SDM Center’s Data Mining & Analysis

SDM Center’s Data Mining & Analysis SDMCenter

Parallel Statistical Analysis with RScaLAPACK

Parallel, Remote & Interactive Visual Analysis with ASPECT

Several properties of scientific data demand new computer science approaches to scientific data management. First, while processing power doubles each eighteen months, the quantity of data stored online quadruples in the same period. For example, terascale simulations in astrophysics, climate modeling, computational biology, fusion, high energy physics, combustion modeling, and materials are and will continue routinely producing data sets that are hundreds of terabytes or even petabytes in size. Although scientists are able to analyze larger data sets with more memory and more processors, our data sets grow even faster! Increasingly, they will be unable to analyze raw data; we must develop efficient and advanced data extraction and analysis capabilities so that only relevant summarized subsets are presented to the scientist for evaluation.

SDM’s Center DMA provides the data understanding infrastructure necessary for efficient and effective mining of complex scientific data. This is accomplished through the development and integration of core components for extracting features relevant to the phenomenon of interest, selecting the subsets of data, and the software infrastructure necessary to support integrative visual analyses of this data. To provide a desired level of efficiency and automation, these components are aimed to be tightly coupled with high-level I/O libraries and data migration tools and made available as components of scientific process automation within the Center.

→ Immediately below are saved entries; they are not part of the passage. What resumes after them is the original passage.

lemma two_powr_neg_le_1:
  assumes i: "i < n"
  shows "2 powr - \<beta> \<le> 1"
proof -
  have "2 powr - \<beta> \<le> Pmat n E c 1 i i"
    using Pmat_nonzero_ge[of 1 i i] Pmat_diag_gt_0[of 1 i] i by simp
  also have "\<dots> \<le> 1"
    using stochastic_le_1[OF Pmat_stochastic] i by simp
  finally show ?thesis .
qed

lemma Pmat_common_denom:
  assumes t: "1 \<le> t"
  shows "\<exists>Q. common_denom n (Pmat n E c t) Q \<and> \<bar>real_of_int Q\<bar> \<le> (2 powr \<beta>) ^ n"
proof -
  obtain p q where q: "\<And>i. i < n \<Longrightarrow> q i \<noteq> 0 \<and> \<bar>real_of_int (q i)\<bar> < 2 powr \<beta>"
    and c: "\<And>i. i < n \<Longrightarrow> c t i = of_int (p i) / of_int (q i)"
    using weight_rat_bits[OF t] unfolding rat_bits_def int_bits_def by metis
  have "\<exists>a::int. Pmat n E c t i l = of_int a / of_int (q i)" if "i < n" for i l
  proof -
    obtain m where m: "laplacian n E t i l = of_int m"
      using laplacian_Ints by (blast elim: Ints_cases)
    have "Pmat n E c t i l = of_int (of_bool (i = l) * q i - p i * m) / of_int (q i)"
      using c[OF that] q[OF that] m by (simp add: Pmat_def field_simps)
    then show ?thesis ..
  qed
  then have "common_denom n (Pmat n E c t) (\<Prod>i<n. q i)"
    using q by (intro common_denom_prod_rows) auto
  moreover have "\<bar>real_of_int (\<Prod>i<n. q i)\<bar> \<le> (\<Prod>i<n. 2 powr \<beta>)"
    unfolding of_int_prod abs_prod using q by (intro prod_mono) (auto simp: less_imp_le)
  ultimately show ?thesis
    by (metis prod_constant card_lessThan)
qed

lemma Pprod_stochastic: "1 \<le> s \<Longrightarrow> stochastic n (Pprod n E c s k)"
  by (induction k) (simp_all add: Pmat_stochastic stochastic_mmul)

lemma Pprod_common_denom:
  assumes s: "1 \<le> s"
  shows "\<exists>q. common_denom n (Pprod n E c s k) q \<and> \<bar>real_of_int q\<bar> \<le> (2 powr \<beta>) ^ (n * Suc k)"
proof (induction k)
  case 0
  show ?case using Pmat_common_denom[OF s] by simp
next
  case (Suc k)
  then obtain q where q: "common_denom n (Pprod n E c s k) q" "\<bar>real_of_int q\<bar> \<le> (2 powr \<beta>) ^ (n * Suc k)"
    by blast
  obtain Q where Q: "common_denom n (Pmat n E c (s + Suc k)) Q" "\<bar>real_of_int Q\<bar> \<le> (2 powr \<beta>) ^ n"
    using Pmat_common_denom by fastforce
  have "\<bar>real_of_int (Q * q)\<bar> \<le> (2 powr \<beta>) ^ n * (2 powr \<beta>) ^ (n * Suc k)"
    unfolding of_int_mult abs_mult using Q(2) q(2) by (intro mult_mono) auto
  then have "\<bar>real_of_int (Q * q)\<bar> \<le> (2 powr \<beta>) ^ (n * Suc (Suc k))"
    by (simp add: power_add[symmetric])
  with common_denom_mmul[OF Q(1) q(1)] show ?case
    by auto
qed

lemma Pprod_column_lower_bound:
  assumes s: "1 \<le> s" and j: "j < n"
  shows "i \<in> support n (\<lambda>i. Pprod n E c s k i j) \<Longrightarrow>
    (2 powr - \<beta>) ^ card (support n (\<lambda>i. Pprod n E c s k i j)) \<le> Pprod n E c s k i j"
proof (induction k arbitrary: i)
  case 0
  then have i: "i < n" "Pmat n E c s i j \<noteq> 0"
    by (auto simp: support_def)
  have "1 \<le> card (support n (\<lambda>i. Pmat n E c s i j))"
    using 0 by (auto simp: support_def card_gt_0_iff Suc_le_eq)
  moreover have "2 powr - \<beta> \<le> 1"
    using two_powr_neg_le_1[OF i(1)] .
  ultimately have "(2 powr - \<beta>) ^ card (support n (\<lambda>i. Pmat n E c s i j)) \<le> (2 powr - \<beta>) ^ 1"
    by (intro power_decreasing) auto
  with Pmat_nonzero_ge[OF s i(1) j i(2)] show ?case
    by simp
next
  case (Suc k)
  let ?P = "Pmat n E c (s + Suc k)"
  have t: "1 \<le> s + Suc k" by simp
  have x: "\<And>l. l < n \<Longrightarrow> 0 \<le> Pprod n E c s k l j"
    using Pprod_stochastic[OF s] j unfolding stochastic_def by blast
  have "(2 powr - \<beta>) ^ card (support n (mvmul n ?P (\<lambda>l. Pprod n E c s k l j)))
      \<le> mvmul n ?P (\<lambda>l. Pprod n E c s k l j) i"
  proof (rule support_lower_bound_mvmul[OF Pmat_stochastic[OF t]])
    show "i \<in> support n (mvmul n ?P (\<lambda>l. Pprod n E c s k l j))"
      using Suc.prems unfolding Pprod.simps mmul_column .
  qed (fact Pmat_diag_gt_0[OF t] Pmat_nonzero_sym[OF t] Pmat_nonzero_ge[OF t] x Suc.IH | simp)+
  then show ?case
    unfolding Pprod.simps mmul_column .
qed

lemma Pprod_nonzero_ge:
  assumes s: "1 \<le> s" and ij: "i < n" "j < n" and nz: "Pprod n E c s k i j \<noteq> 0"
  shows "(2 powr - \<beta>) ^ n \<le> Pprod n E c s k i j"
proof -
  let ?S = "support n (\<lambda>i. Pprod n E c s k i j)"
  have "card ?S \<le> card {..<n}"
    by (intro card_mono) (auto simp: support_def)
  then have "(2 powr - \<beta>) ^ n \<le> (2 powr - \<beta>) ^ card ?S"
    using two_powr_neg_le_1[OF ij(1)] by (intro power_decreasing) auto
  also have "\<dots> \<le> Pprod n E c s k i j"
    using Pprod_column_lower_bound[OF s ij(2)] ij(1) nz by (simp add: support_def)
  finally show ?thesis .
qed

end

lemma two_powr_log_pow_lt:
  assumes n: "2 \<le> n" and K: "0 < K"
  shows "(2 powr (K * log 2 n)) ^ (n * Suc k) < 2 powr ((K + 1) * real (Suc k) * real n * log 2 n)"
proof -
  have "0 < real (Suc k) * real n * log 2 n"
    using n by simp
  then have "K * log 2 n * real (n * Suc k) < (K + 1) * real (Suc k) * real n * log 2 n"
    by (simp add: algebra_simps)
  then show ?thesis
    by (simp add: powr_realpow[symmetric] powr_powr)
qed

lemma n_powr_neg_square_le:
  assumes n: "2 \<le> n" and K: "0 < K"
  shows "real n powr (- (K + 1) * real n ^ 2) \<le> (2 powr - (K * log 2 n)) ^ n"
proof -
  have "(2 powr - (K * log 2 n)) ^ n = (2 powr log 2 n) powr (- K * real n)"
    by (simp add: powr_realpow[symmetric] powr_powr mult_ac)
  also have "\<dots> = real n powr (- K * real n)"
    using n by simp
  finally have eq: "(2 powr - (K * log 2 n)) ^ n = real n powr (- K * real n)" .
  have "K * real n * 1 \<le> (K + 1) * real n * real n"
    using n K by (intro mult_mono) auto
  then have "- (K + 1) * real n ^ 2 \<le> - K * real n"
    by (simp add: power2_eq_square algebra_simps)
  with n show ?thesis
    unfolding eq by (intro powr_mono) auto
qed

lemma Pts_cd_rationals_and_nonzero_ge:
  assumes n: "2 \<le> n" and K: "0 < K" and graph: "is_graph_seq n E"
    and weights: "\<forall>t\<ge>1. \<forall>i<n. rat_bits (c t i) (K * log 2 n)
      \<and> 0 < c t i * real (deg n E t i) \<and> c t i * real (deg n E t i) < 1"
    and s: "1 \<le> s" and st: "s \<le> t"
  shows "cd_rationals n (Pts n E c t s) ((K + 1) * real (t - s + 1) * real n * log 2 n)
    \<and> (\<forall>i<n. \<forall>j<n. Pts n E c t s i j \<noteq> 0 \<longrightarrow>
         real n powr (- (K + 1) * real n ^ 2) \<le> Pts n E c t s i j)"
proof
  have Pts: "Pts n E c t s = Pprod n E c s (t - s)" "t - s + 1 = Suc (t - s)"
    using st by (simp_all add: Pts_def)
  obtain q where q: "common_denom n (Pprod n E c s (t - s)) q"
    "\<bar>real_of_int q\<bar> \<le> (2 powr (K * log 2 n)) ^ (n * Suc (t - s))"
    using Pprod_common_denom[OF graph weights s] by blast
  have "\<bar>real_of_int q\<bar> < 2 powr ((K + 1) * real (Suc (t - s)) * real n * log 2 n)"
    using q(2) two_powr_log_pow_lt[OF n K] by (rule order_le_less_trans)
  then have "int_bits q ((K + 1) * real (t - s + 1) * real n * log 2 n)"
    unfolding int_bits_def Pts(2) .
  with q(1) show "cd_rationals n (Pts n E c t s) ((K + 1) * real (t - s + 1) * real n * log 2 n)"
    unfolding Pts(1) by (intro cd_rationals_if_common_denom Pprod_stochastic[OF graph weights s])
  show "\<forall>i<n. \<forall>j<n. Pts n E c t s i j \<noteq> 0 \<longrightarrow> real n powr (- (K + 1) * real n ^ 2) \<le> Pts n E c t s i j"
    unfolding Pts(1)
    using order_trans[OF n_powr_neg_square_le[OF n K] Pprod_nonzero_ge[OF graph weights s]] by blast
qed

theorem lemma3p1:
  "\<forall>K>0. \<exists>C>0. \<exists>N0::nat. \<forall>n\<ge>N0. \<forall>E c.
     is_graph_seq n E \<longrightarrow>
     (\<forall>t\<ge>1. \<forall>i<n. rat_bits (c t i) (K * log 2 n)
                 \<and> 0 < c t i * real (deg n E t i) \<and> c t i * real (deg n E t i) < 1) \<longrightarrow>
     (\<forall>s t. 1 \<le> s \<and> s \<le> t \<longrightarrow>
        cd_rationals n (Pts n E c t s) (C * real (t - s + 1) * real n * log 2 n)
        \<and> (\<forall>i<n. \<forall>j<n. Pts n E c t s i j \<noteq> 0 \<longrightarrow>
              Pts n E c t s i j \<ge> real n powr (- C * real n ^ 2)))"
  apply (intro allI impI)
  subgoal for K
    using Pts_cd_rationals_and_nonzero_ge[of _ K]
    by (intro exI[of _ "K + 1"] conjI exI[of _ "2::nat"] allI impI) auto
  done

end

Motivation: Many individual tools and libraries contain complementary capabilities that can be used as components of a complex scientific data understanding process. A common framework that would embrace them for Parallel, Remote, and Interactive Data Exploration (PRIDE) does not exist. Scientists are overwhelmed with a multitude of “islands of capability” spending much of their time setting up and executing individual tasks, rather than performing scientific discovery.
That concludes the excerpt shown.